• **The task**
Where the word "auto" appears in a line of the entries below, count that line and give the total alone.

== Materials provided ==

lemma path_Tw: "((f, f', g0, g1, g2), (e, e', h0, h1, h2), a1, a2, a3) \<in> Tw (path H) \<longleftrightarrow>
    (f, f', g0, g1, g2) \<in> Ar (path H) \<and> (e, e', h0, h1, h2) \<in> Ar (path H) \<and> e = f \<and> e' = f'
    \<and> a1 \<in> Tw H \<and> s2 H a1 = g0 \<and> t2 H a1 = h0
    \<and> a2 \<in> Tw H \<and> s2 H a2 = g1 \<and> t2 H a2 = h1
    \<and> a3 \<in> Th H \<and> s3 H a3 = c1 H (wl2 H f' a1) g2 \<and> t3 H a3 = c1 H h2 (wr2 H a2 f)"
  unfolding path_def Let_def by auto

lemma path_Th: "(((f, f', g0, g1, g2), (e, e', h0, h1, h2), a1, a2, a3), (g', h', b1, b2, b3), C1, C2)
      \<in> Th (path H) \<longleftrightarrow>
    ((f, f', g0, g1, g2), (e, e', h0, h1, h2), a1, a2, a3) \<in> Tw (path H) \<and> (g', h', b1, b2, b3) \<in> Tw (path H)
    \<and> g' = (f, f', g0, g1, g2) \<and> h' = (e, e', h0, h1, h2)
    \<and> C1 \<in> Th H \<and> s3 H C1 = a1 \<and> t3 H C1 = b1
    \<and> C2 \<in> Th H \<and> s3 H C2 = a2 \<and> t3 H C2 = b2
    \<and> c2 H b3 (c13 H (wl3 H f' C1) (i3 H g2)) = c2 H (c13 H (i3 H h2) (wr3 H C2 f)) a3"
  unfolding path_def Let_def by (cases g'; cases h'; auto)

===

• **Output for this task**
2